►
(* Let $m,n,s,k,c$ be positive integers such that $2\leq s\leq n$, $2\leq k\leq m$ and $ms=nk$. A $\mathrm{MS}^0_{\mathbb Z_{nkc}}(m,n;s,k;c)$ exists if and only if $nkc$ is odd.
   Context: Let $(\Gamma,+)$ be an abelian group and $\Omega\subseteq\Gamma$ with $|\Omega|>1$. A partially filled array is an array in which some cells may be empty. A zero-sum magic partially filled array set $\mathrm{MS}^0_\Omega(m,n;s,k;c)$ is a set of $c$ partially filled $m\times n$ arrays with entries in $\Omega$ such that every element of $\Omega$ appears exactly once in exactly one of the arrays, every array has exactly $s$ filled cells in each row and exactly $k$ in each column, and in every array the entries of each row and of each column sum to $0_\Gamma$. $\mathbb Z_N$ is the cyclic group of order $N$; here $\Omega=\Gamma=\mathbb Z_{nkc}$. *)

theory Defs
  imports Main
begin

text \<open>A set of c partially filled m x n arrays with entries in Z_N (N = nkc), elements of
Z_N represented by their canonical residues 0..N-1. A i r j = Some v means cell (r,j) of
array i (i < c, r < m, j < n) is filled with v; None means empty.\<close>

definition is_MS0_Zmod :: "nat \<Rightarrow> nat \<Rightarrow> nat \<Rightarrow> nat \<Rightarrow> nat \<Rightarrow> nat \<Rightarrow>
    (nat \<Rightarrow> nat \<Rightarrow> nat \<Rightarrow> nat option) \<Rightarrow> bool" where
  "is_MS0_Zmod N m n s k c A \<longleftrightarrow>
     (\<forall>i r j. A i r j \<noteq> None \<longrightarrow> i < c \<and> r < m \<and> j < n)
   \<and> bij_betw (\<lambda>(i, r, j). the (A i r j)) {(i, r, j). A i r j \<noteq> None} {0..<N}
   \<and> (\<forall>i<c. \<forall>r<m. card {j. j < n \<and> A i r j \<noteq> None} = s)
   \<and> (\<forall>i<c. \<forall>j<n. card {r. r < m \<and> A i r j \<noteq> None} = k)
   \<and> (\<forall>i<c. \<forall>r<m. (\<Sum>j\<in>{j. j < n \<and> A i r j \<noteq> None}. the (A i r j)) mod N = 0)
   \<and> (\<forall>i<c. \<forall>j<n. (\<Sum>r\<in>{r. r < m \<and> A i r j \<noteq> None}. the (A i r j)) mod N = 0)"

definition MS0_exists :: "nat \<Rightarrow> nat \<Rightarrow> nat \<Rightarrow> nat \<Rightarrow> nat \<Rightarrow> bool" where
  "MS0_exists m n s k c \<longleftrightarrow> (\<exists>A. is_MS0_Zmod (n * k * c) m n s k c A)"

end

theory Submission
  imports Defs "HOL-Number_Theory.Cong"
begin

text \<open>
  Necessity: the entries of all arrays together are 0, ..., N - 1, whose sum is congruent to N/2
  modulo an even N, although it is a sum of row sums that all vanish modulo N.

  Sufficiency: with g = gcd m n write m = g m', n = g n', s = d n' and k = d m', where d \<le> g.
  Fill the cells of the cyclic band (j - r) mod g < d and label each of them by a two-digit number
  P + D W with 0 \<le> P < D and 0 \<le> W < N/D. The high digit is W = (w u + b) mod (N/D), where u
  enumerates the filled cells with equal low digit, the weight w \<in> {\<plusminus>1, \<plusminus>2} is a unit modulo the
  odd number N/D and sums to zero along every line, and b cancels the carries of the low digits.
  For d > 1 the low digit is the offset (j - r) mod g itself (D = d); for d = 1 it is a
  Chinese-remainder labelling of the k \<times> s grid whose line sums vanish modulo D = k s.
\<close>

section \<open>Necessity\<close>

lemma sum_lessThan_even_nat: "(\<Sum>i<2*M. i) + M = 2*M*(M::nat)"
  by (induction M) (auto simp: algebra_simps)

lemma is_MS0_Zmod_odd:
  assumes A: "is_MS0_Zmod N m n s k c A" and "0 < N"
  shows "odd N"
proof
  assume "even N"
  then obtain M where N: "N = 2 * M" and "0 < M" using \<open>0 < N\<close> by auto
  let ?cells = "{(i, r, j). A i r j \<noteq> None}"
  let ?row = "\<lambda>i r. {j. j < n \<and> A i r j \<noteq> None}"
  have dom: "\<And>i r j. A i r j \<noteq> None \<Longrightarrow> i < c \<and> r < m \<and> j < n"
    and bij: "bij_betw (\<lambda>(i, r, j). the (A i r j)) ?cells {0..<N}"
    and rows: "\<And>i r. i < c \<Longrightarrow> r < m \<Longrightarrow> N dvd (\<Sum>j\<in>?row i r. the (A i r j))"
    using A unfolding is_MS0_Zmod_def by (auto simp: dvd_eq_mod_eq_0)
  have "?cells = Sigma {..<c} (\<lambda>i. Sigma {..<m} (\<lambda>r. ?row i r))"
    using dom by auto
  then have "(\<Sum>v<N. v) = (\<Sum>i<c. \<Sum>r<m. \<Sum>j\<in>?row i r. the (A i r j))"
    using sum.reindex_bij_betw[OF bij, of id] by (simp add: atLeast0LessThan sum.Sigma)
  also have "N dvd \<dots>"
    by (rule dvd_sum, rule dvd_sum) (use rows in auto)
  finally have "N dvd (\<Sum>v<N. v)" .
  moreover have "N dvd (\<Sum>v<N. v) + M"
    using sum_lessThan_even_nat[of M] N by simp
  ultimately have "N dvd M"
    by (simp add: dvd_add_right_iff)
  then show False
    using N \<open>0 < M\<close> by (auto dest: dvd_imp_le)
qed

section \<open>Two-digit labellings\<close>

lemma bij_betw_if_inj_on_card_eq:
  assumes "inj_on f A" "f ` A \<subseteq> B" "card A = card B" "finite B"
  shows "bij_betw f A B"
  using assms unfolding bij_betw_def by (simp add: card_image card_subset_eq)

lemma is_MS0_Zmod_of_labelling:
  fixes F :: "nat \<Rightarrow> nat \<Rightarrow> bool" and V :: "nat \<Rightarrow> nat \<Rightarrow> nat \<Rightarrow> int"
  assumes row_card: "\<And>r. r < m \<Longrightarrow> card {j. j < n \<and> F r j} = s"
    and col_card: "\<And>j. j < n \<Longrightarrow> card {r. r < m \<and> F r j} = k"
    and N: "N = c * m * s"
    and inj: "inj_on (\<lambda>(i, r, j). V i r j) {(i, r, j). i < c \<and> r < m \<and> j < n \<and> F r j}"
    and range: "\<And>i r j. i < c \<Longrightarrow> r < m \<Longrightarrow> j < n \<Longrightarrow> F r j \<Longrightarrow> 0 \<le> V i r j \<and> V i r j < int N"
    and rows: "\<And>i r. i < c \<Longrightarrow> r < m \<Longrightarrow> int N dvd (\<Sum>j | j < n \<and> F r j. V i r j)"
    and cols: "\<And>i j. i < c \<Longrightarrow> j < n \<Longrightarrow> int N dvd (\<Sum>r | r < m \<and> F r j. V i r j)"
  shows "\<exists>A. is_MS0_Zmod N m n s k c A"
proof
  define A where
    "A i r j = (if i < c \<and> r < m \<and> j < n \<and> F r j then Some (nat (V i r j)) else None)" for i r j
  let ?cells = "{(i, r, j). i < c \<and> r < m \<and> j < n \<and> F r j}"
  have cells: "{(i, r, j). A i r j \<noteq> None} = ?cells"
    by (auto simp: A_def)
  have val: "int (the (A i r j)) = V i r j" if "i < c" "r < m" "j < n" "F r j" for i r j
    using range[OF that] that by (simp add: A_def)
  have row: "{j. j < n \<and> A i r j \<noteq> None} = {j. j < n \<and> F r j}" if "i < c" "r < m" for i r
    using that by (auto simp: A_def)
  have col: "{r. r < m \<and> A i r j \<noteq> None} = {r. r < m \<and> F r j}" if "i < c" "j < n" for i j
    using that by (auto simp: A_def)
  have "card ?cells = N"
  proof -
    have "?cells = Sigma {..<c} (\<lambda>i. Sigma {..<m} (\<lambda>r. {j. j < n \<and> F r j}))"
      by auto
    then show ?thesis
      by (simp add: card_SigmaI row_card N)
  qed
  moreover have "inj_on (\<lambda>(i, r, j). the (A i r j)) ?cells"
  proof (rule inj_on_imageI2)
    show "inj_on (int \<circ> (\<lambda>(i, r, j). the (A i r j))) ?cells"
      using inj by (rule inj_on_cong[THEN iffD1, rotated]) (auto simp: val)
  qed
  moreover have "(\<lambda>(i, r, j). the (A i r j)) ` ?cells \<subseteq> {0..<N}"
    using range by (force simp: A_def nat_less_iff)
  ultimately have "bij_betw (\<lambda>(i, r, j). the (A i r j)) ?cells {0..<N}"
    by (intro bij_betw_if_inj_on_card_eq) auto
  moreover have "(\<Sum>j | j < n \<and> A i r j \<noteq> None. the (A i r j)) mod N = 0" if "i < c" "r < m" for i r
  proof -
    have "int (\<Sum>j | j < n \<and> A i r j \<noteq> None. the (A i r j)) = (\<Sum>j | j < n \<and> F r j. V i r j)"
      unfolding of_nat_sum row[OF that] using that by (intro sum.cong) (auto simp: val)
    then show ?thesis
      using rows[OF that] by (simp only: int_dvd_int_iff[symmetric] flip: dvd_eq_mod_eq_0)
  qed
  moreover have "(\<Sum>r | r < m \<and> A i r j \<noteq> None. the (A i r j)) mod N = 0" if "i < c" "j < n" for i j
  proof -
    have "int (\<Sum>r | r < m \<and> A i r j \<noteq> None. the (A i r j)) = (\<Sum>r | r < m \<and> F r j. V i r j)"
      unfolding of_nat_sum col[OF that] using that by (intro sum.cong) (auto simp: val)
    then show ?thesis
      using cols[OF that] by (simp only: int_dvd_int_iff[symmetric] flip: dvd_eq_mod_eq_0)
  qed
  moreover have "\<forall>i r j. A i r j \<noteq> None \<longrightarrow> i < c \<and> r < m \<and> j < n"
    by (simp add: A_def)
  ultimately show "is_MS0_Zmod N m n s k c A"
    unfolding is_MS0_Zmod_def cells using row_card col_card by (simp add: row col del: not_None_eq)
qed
◄
§ TASK STATEMENT: Beginning at the line with "using assms unfolding" and stopping after the line with "(\<lambda>(i, r, j). V", please write out every line of the data above exactly and nothing else.

§ ANSWER FOR THE TASK:
  using assms unfolding bij_betw_def by (simp add: card_image card_subset_eq)

lemma is_MS0_Zmod_of_labelling:
  fixes F :: "nat \<Rightarrow> nat \<Rightarrow> bool" and V :: "nat \<Rightarrow> nat \<Rightarrow> nat \<Rightarrow> int"
  assumes row_card: "\<And>r. r < m \<Longrightarrow> card {j. j < n \<and> F r j} = s"
    and col_card: "\<And>j. j < n \<Longrightarrow> card {r. r < m \<and> F r j} = k"
    and N: "N = c * m * s"
    and inj: "inj_on (\<lambda>(i, r, j). V i r j) {(i, r, j). i < c \<and> r < m \<and> j < n \<and> F r j}"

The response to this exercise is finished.